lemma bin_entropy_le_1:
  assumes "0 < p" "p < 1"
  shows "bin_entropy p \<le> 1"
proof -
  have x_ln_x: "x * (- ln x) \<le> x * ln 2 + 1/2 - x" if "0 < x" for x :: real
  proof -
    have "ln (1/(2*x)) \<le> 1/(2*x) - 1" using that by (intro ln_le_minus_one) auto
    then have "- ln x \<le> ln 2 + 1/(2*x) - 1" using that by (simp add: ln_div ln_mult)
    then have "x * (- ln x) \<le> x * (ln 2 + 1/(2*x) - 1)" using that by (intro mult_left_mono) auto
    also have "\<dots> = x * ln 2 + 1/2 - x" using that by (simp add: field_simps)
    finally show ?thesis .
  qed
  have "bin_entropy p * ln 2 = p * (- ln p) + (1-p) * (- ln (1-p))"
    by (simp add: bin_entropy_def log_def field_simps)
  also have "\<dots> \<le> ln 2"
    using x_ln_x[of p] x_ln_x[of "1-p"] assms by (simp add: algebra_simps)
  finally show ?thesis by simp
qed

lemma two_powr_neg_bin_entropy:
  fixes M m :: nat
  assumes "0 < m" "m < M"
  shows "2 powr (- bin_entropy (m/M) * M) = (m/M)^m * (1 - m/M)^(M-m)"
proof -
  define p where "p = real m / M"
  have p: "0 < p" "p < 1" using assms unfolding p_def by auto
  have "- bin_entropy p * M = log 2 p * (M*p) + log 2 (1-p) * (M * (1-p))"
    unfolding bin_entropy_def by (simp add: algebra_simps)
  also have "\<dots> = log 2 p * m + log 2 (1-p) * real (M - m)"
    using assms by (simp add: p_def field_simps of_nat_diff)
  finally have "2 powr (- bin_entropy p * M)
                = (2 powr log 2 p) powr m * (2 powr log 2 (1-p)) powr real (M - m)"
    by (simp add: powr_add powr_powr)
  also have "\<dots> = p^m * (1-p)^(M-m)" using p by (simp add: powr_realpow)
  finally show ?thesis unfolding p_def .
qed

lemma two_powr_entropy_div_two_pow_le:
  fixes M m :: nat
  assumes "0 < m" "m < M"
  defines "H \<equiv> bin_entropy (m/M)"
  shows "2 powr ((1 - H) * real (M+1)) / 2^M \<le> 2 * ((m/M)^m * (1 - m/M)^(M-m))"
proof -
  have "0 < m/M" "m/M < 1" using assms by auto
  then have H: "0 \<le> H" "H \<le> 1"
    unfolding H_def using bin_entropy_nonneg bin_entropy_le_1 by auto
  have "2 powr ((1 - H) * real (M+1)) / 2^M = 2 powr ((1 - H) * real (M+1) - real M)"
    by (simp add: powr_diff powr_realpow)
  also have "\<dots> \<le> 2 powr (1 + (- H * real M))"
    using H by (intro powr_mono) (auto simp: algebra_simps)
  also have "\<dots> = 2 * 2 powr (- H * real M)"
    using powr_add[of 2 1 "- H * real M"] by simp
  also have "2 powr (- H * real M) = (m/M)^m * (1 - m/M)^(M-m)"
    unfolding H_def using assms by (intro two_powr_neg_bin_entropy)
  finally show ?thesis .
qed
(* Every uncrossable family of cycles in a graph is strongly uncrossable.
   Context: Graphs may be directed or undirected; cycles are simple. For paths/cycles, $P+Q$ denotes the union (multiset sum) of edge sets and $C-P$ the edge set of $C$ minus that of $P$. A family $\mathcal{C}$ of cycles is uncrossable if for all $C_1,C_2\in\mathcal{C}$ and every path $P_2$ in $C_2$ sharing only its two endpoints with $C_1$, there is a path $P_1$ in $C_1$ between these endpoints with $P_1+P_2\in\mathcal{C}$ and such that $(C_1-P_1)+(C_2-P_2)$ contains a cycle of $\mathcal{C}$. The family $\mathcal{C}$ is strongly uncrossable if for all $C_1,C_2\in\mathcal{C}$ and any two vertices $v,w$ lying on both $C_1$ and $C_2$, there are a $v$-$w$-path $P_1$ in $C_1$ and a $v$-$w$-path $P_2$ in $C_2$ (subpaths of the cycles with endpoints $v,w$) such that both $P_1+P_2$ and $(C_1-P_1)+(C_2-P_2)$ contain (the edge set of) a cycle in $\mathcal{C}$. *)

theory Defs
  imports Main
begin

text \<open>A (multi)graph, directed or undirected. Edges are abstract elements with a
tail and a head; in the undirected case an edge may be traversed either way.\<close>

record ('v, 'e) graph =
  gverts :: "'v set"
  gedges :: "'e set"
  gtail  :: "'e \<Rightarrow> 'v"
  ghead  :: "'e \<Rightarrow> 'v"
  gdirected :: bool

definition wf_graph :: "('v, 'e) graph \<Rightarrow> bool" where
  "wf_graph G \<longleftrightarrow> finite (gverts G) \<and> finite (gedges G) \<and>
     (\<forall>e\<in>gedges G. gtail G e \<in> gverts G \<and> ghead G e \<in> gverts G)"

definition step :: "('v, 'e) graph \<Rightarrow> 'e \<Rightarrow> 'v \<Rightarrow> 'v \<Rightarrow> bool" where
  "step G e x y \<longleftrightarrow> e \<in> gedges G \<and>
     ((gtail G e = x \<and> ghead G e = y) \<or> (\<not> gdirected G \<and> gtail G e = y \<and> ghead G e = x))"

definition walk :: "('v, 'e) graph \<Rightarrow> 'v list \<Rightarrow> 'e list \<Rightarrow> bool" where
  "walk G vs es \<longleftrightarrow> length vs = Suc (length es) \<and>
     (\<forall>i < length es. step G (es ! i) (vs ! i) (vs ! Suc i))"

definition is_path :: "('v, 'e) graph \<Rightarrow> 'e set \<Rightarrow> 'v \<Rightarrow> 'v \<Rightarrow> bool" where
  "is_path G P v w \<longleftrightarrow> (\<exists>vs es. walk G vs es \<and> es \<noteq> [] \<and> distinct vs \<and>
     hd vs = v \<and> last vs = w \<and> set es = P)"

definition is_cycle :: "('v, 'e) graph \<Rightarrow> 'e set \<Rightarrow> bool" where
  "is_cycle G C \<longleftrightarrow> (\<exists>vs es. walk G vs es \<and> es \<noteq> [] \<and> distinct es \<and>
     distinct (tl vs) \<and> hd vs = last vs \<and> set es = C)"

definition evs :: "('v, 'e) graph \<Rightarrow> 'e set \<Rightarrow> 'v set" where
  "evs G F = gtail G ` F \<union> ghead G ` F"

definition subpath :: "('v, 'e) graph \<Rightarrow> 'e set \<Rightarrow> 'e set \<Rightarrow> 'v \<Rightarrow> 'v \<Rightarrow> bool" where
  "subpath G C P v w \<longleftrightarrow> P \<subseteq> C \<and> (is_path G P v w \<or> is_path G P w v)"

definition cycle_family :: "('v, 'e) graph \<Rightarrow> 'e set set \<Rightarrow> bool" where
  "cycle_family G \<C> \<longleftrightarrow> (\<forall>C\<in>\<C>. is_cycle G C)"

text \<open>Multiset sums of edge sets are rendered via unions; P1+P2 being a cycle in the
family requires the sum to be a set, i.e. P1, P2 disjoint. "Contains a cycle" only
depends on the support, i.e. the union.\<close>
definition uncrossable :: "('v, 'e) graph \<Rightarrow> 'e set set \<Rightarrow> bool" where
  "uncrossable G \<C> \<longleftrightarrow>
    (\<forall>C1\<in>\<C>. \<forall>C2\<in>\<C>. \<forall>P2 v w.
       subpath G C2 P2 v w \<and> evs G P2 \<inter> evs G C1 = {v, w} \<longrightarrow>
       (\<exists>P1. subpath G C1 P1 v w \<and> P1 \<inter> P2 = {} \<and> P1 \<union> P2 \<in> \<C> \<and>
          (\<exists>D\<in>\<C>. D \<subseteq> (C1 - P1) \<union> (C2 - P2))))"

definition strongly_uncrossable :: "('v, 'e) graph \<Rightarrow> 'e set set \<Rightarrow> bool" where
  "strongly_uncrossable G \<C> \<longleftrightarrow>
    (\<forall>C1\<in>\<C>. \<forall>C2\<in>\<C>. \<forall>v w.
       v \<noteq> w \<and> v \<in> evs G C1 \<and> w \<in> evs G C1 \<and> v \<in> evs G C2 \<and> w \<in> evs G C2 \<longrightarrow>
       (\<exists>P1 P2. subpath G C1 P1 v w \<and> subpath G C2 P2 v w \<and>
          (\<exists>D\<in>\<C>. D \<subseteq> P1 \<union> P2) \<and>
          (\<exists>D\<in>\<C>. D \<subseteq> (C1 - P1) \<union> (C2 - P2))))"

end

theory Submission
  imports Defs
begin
---------------
Beginning at the line above that contains "2 * 2 powr (- H", return each line exactly through the line that contains "unfolding H_def using assms", and no others.

  also have "\<dots> = 2 * 2 powr (- H * real M)"
    using powr_add[of 2 1 "- H * real M"] by simp
  also have "2 powr (- H * real M) = (m/M)^m * (1 - m/M)^(M-m)"
    unfolding H_def using assms by (intro two_powr_neg_bin_entropy)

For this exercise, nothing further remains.